There was a brief report from WG9 of the DVD-Forum, in which it was announced that there was a vote to reject SPDC, but that AACS will be included in HD-DVD.
The amazing thing about this is that they intend to take HD-DVD to market this year in time for the holiday shopping season. That means that they should be building up inventories now. How can they still be making architectural decisions this close to launch?
There has been no action yet on Congressman Boucher's Digital Media Consumers Rights Act (HR 1201). This is a good bill for consumers. It is opposed by MPAA. There is the possibility of a deal: If MPAA will support this bill, then Boucher will support some form of Broadcast Flag Authorization.
The Public Domain Enhancement Act (HR 2408) will cause copyrights on abandoned works to expire after 50 years and revert to the Public Domain. The Studios are against this because in the past they have lost copyrights due to their own carelessness. They pushed for laws to make copyrights automatic. This bill is an attempt to find a more reasonable balance.
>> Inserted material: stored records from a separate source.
(* Under Assumption (A) of the context, for every $t$ and every integrable function $h$, $$\mathbb{E}_1[h(Y_t)\mid\mathcal{F}_{t-1}]=\mathbb{E}_1[h(Y_t)\mid\mathbf{P}_t]=\varepsilon_n\,\mathbb{E}_{1,\mathbf{P}_t}h(Y)+(1-\varepsilon_n)\,\mathbb{E}_0h(Y).$$
   Context: $\mathcal{W}$ is a finite vocabulary. For a probability vector $\mathbf{P}$ on $\mathcal{W}$, $\mu_{1,\mathbf{P}}$ is the distribution on $[0,1]$ with CDF $F_{1,\mathbf{P}}(r)=\sum_wP_wr^{1/P_w}$, and $\mathbb{E}_{1,\mathbf{P}}$ is expectation for $Y\sim\mu_{1,\mathbf{P}}$; $\mathbb{E}_0$ is expectation for $Y\sim U(0,1)$. Watermark model: for $t=1,\dots,n$ a random next-token distribution $\mathbf{P}_t$ is produced, $\xi_t=(U_{t,w})_w$ has i.i.d. $U(0,1)$ entries, the decoder is $\mathcal{S}(\mathbf{P},\xi)=\arg\max_w\frac{\log U_w}{P_w}$, the observed token is $w_t$, and $Y_t=U_{t,w_t}$; $\mathbb{E}_1$ denotes expectation under this model. Let $\mathcal{F}_{t-1}=\sigma(\{w_j,\xi_j,\mathbf{P}_{j+1}\}_{j=1}^{t-1})$. Assumption (A): (a) $\xi_1,\dots,\xi_n$ are i.i.d. and $\xi_t$ is independent of $\mathcal{F}_{t-1}$; (b) with probability $\varepsilon_n$, $w_t=\mathcal{S}(\mathbf{P}_t,\xi_t)$; otherwise $w_t$ is drawn from $\mathbf{P}_t$ and, conditionally on $\mathcal{F}_{t-1}$, is independent of $\xi_t$. *)

theory Defs
  imports "HOL-Probability.Probability"
begin

abbreviation vecM :: "('w \<Rightarrow> real) measure" where
  "vecM \<equiv> PiM UNIV (\<lambda>_. borel)"

definition unif01 :: "real measure" where
  "unif01 = uniform_measure lborel {0..1}"

definition cdf1 :: "('w::finite \<Rightarrow> real) \<Rightarrow> real \<Rightarrow> real" where
  "cdf1 P r = (if r \<le> 0 then 0 else if 1 \<le> r then 1
               else (\<Sum>w\<in>UNIV. P w * r powr (1 / P w)))"

definition mu1 :: "('w::finite \<Rightarrow> real) \<Rightarrow> real measure" where
  "mu1 P = interval_measure (cdf1 P)"

text \<open>The Gumbel-max decoder S(P, xi) = argmax_w (log U_w)/P_w, over tokens with P_w > 0
  (tokens with P_w = 0 have score -infinity). Ties occur with probability zero.\<close>
definition decoder :: "('w \<Rightarrow> real) \<Rightarrow> ('w \<Rightarrow> real) \<Rightarrow> 'w" where
  "decoder P u = (SOME v. 0 < P v \<and> (\<forall>v'. 0 < P v' \<longrightarrow> ln (u v') / P v' \<le> ln (u v) / P v))"

definition gen :: "'a measure \<Rightarrow> ('a \<Rightarrow> 'b) \<Rightarrow> 'b measure \<Rightarrow> 'a set set" where
  "gen M X N = {X -` A \<inter> space M | A. A \<in> sets N}"

text \<open>F_{t-1} = sigma({w_j, xi_j, P_{j+1}}_{j=1}^{t-1}), together with P_t
  (already contained for t \<ge> 2; added so that F_0 contains P_1).\<close>
definition filt :: "'a measure \<Rightarrow> (nat \<Rightarrow> 'a \<Rightarrow> 'w \<Rightarrow> real) \<Rightarrow> (nat \<Rightarrow> 'a \<Rightarrow> 'w \<Rightarrow> real)
                    \<Rightarrow> (nat \<Rightarrow> 'a \<Rightarrow> 'w) \<Rightarrow> nat \<Rightarrow> 'a measure" where
  "filt M P U W t = sigma (space M)
     (gen M (P t) vecM \<union>
      (\<Union>j\<in>{1..<t}. gen M (W j) (count_space UNIV) \<union> gen M (U j) vecM \<union> gen M (P (Suc j)) vecM))"

definition filt_xi :: "'a measure \<Rightarrow> (nat \<Rightarrow> 'a \<Rightarrow> 'w \<Rightarrow> real) \<Rightarrow> (nat \<Rightarrow> 'a \<Rightarrow> 'w \<Rightarrow> real)
                    \<Rightarrow> (nat \<Rightarrow> 'a \<Rightarrow> 'w) \<Rightarrow> nat \<Rightarrow> 'a measure" where
  "filt_xi M P U W t = sigma (space M) (sets (filt M P U W t) \<union> gen M (U t) vecM)"

definition sigP :: "'a measure \<Rightarrow> (nat \<Rightarrow> 'a \<Rightarrow> 'w \<Rightarrow> real) \<Rightarrow> nat \<Rightarrow> 'a measure" where
  "sigP M P t = sigma (space M) (gen M (P t) vecM)"

end

theory Submission
  imports Defs
begin

(* Split h(Y_t) according to the watermark coin.  On the watermarked event w_t is the Gumbel-max
   output S(P_t, xi_t).  Since xi_t is independent of F_{t-1}, freezing P_t reduces its conditional
   mean to the integral of h(u_S(p,u)) over uniform u at p = P_t, and the Gumbel-max computation
   P(S(p,U) = w, U_w <= r) = p_w r^(1/p_w) identifies the law of U_S(p,U) as mu_{1,p}.  Otherwise
   w_t = v with conditional probability (1 - eps) P_t(v), while U_{t,v} is still uniform and
   independent of F_{t-1}; these terms add up to (1 - eps) E_0 h.  The resulting right-hand side
   is a function of P_t alone, so conditioning on sigma(P_t) instead of F_{t-1} gives the same
   answer. *)

lemma subalgebra_trans: "subalgebra M N \<Longrightarrow> subalgebra N K \<Longrightarrow> subalgebra M K"
  by (auto simp: subalgebra_def)

lemma integrable_select:
  fixes f :: "'i::finite \<Rightarrow> 'a \<Rightarrow> real"
  assumes f: "\<And>i. integrable M (f i)" and k: "k \<in> measurable M (count_space UNIV)"
  shows "integrable M (\<lambda>x. f (k x) x)"
proof (rule Bochner_Integration.integrable_bound)
  show "integrable M (\<lambda>x. \<Sum>i\<in>UNIV. \<bar>f i x\<bar>)"
    using f by (intro Bochner_Integration.integrable_sum integrable_abs)
  show "(\<lambda>x. f (k x) x) \<in> borel_measurable M"
    using borel_measurable_integrable[OF f] by (rule measurable_compose_countable[where f=f, OF _ k])
  have "\<bar>f (k x) x\<bar> \<le> (\<Sum>i\<in>UNIV. \<bar>f i x\<bar>)" for x
    by (rule member_le_sum) auto
  then show "AE x in M. norm (f (k x) x) \<le> norm (\<Sum>i\<in>UNIV. \<bar>f i x\<bar>)"
    by (simp add: sum_nonneg)
qed

lemma integrable_mult_bounded:
  fixes f g :: "'a \<Rightarrow> real"
  assumes "integrable M f" "g \<in> borel_measurable M" "AE x in M. \<bar>g x\<bar> \<le> c"
  shows "integrable M (\<lambda>x. f x * g x)"
proof (rule Bochner_Integration.integrable_bound)
  show "integrable M (\<lambda>x. c * f x)" using assms(1) by simp
  show "(\<lambda>x. f x * g x) \<in> borel_measurable M" using assms(1,2) by measurable
  show "AE x in M. norm (f x * g x) \<le> norm (c * f x)"
    using assms(3)
  proof eventually_elim
    case (elim x)
    then have "\<bar>f x\<bar> * \<bar>g x\<bar> \<le> \<bar>f x\<bar> * \<bar>c\<bar>" by (intro mult_left_mono) auto
    then show ?case by (simp add: abs_mult mult.commute)
  qed
qed

lemma gen_subset_sets: "f \<in> measurable M N \<Longrightarrow> gen M f N \<subseteq> sets M"
  by (auto simp: gen_def)

lemma subalgebra_sigma:
  assumes "G \<subseteq> sets M"
  shows "subalgebra M (sigma (space M) G)"
proof -
  have "G \<subseteq> Pow (space M)" using assms sets.sets_into_space by auto
  then show ?thesis
    using sets.sigma_sets_subset[OF assms] by (simp add: subalgebra_def space_measure_of_conv)
qed

lemma measurable_sigma_gen:
  assumes "f \<in> measurable M N" "gen M f N \<subseteq> G" "G \<subseteq> sets M"
  shows "f \<in> measurable (sigma (space M) G) N"
proof -
  have "G \<subseteq> Pow (space M)" using assms(3) sets.sets_into_space by auto
  show ?thesis
  proof (rule measurableI)
    show "f x \<in> space N" if "x \<in> space (sigma (space M) G)" for x
      using that assms(1) by (auto simp: space_measure_of_conv measurable_space)
    show "f -` A \<inter> space (sigma (space M) G) \<in> sets (sigma (space M) G)" if "A \<in> sets N" for A
      using that assms(2) \<open>G \<subseteq> Pow (space M)\<close> by (auto simp: space_measure_of_conv gen_def)
  qed
qed

lemma subalgebra_sigma_adjoin:
  assumes N: "subalgebra M N" and f: "f \<in> measurable M K"
  shows "subalgebra M (sigma (space M) (sets N \<union> gen M f K))"
    and "subalgebra (sigma (space M) (sets N \<union> gen M f K)) N"
    and "f \<in> measurable (sigma (space M) (sets N \<union> gen M f K)) K"
proof -
  have G: "sets N \<union> gen M f K \<subseteq> sets M"
    using N gen_subset_sets[OF f] by (auto simp: subalgebra_def)
  then show "subalgebra M (sigma (space M) (sets N \<union> gen M f K))"
    by (rule subalgebra_sigma)
  have "sets N \<union> gen M f K \<subseteq> Pow (space M)" using G sets.sets_into_space by auto
  then show "subalgebra (sigma (space M) (sets N \<union> gen M f K)) N"
    using N by (auto simp: subalgebra_def sets_measure_of space_measure_of_conv)
  show "f \<in> measurable (sigma (space M) (sets N \<union> gen M f K)) K"
    by (rule measurable_sigma_gen[OF f _ G]) auto
qed

lemma subalgebra_sigma_gen:
  assumes N: "subalgebra M N" and f: "f \<in> measurable N K"
  shows "subalgebra N (sigma (space M) (gen M f K))"
    and "f \<in> measurable (sigma (space M) (gen M f K)) K"
proof -
  have "space N = space M" using N by (simp add: subalgebra_def)
  then have gen: "gen M f K = gen N f K" by (simp add: gen_def)
  show "subalgebra N (sigma (space M) (gen M f K))"
    unfolding gen \<open>space N = space M\<close>[symmetric] by (rule subalgebra_sigma[OF gen_subset_sets[OF f]])
  show "f \<in> measurable (sigma (space M) (gen M f K)) K"
    unfolding gen \<open>space N = space M\<close>[symmetric] by (rule measurable_sigma_gen[OF f order.refl gen_subset_sets[OF f]])
qed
There was a lot of discussion on the Supreme Court's MGM v. Grokster decision. It was a narrow decision that left the Betamax decision intact, but that also weakened the defense of Grokster and Streamcast. The CPTWG lawyers agreed that there is a lot of vagueness in the decision. Such vagueness is always good for lawyers because the law is more difficult to interpret, resulting in more legal conflict.
There was a report on the Senate Commerce Committee hearings on July 12 on the subject of the DTV Transition. The Congress is again considering the matter of setting a hard date for the Analog Switchoff. Currently there appears to be agreement on either 2008-12-31 or 2009-01-01. Most consumers are still unaware of the issue. One Senator asked "Do consumers know what we're talking about here?" The same question could be asked about the Senators themselves. They seemed to be having a very difficult time understanding the complex issues. At stake are the estimated $4B to $28B in revenues from the auctioning of the reclaimed spectrum. Also at stake is an urgent need to allocate spectrum for Public Safety and Civil Defense uses.
Motorola testified that it can produce an ATSC STB that will cost $50 in 2009. They said that if all stations in a market are multicasting in SD, then consumers will have access to more free channels than they can get from Cable. (Motorola also builds cable systems.) There is a lot of confusion about who should pay for the STBs. Should they be free to everyone? Should they be free only to the poor? If so, who is poor? Should they be given to every home? Should they be given for every analog TV?
The interactions between broadcasting and cable are also very confusing, particularly with multicasting and must carry, and also with digital to analog conversion at the head end. The Senate is going to have a very difficult time with these issues.
There was a presentation by Zetus, a startup with a new kind of DRM system. It differed from existing systems in that there are no secrets in equipment, media, or tickets that are held by consumers. This eliminates a large class of attacks. The system is based on an ASIC core that could be built into DACs and other devices. Each device has a unique, non-secret identity. The ASIC core implements standard cryptographic algorithms. Media is encoded once for all players, so it works well for mass distribution. A ticket gives a player the right to play a specific program.
The security of the system depends on the claim that only a chip device would be fast enough to implement their system. The system needs international laws and inspections to prevent chip fabs from putting the ASIC core into unauthorized devices.
He gave no additional information on how the system works. The CPTWG people did not seem very interested in this.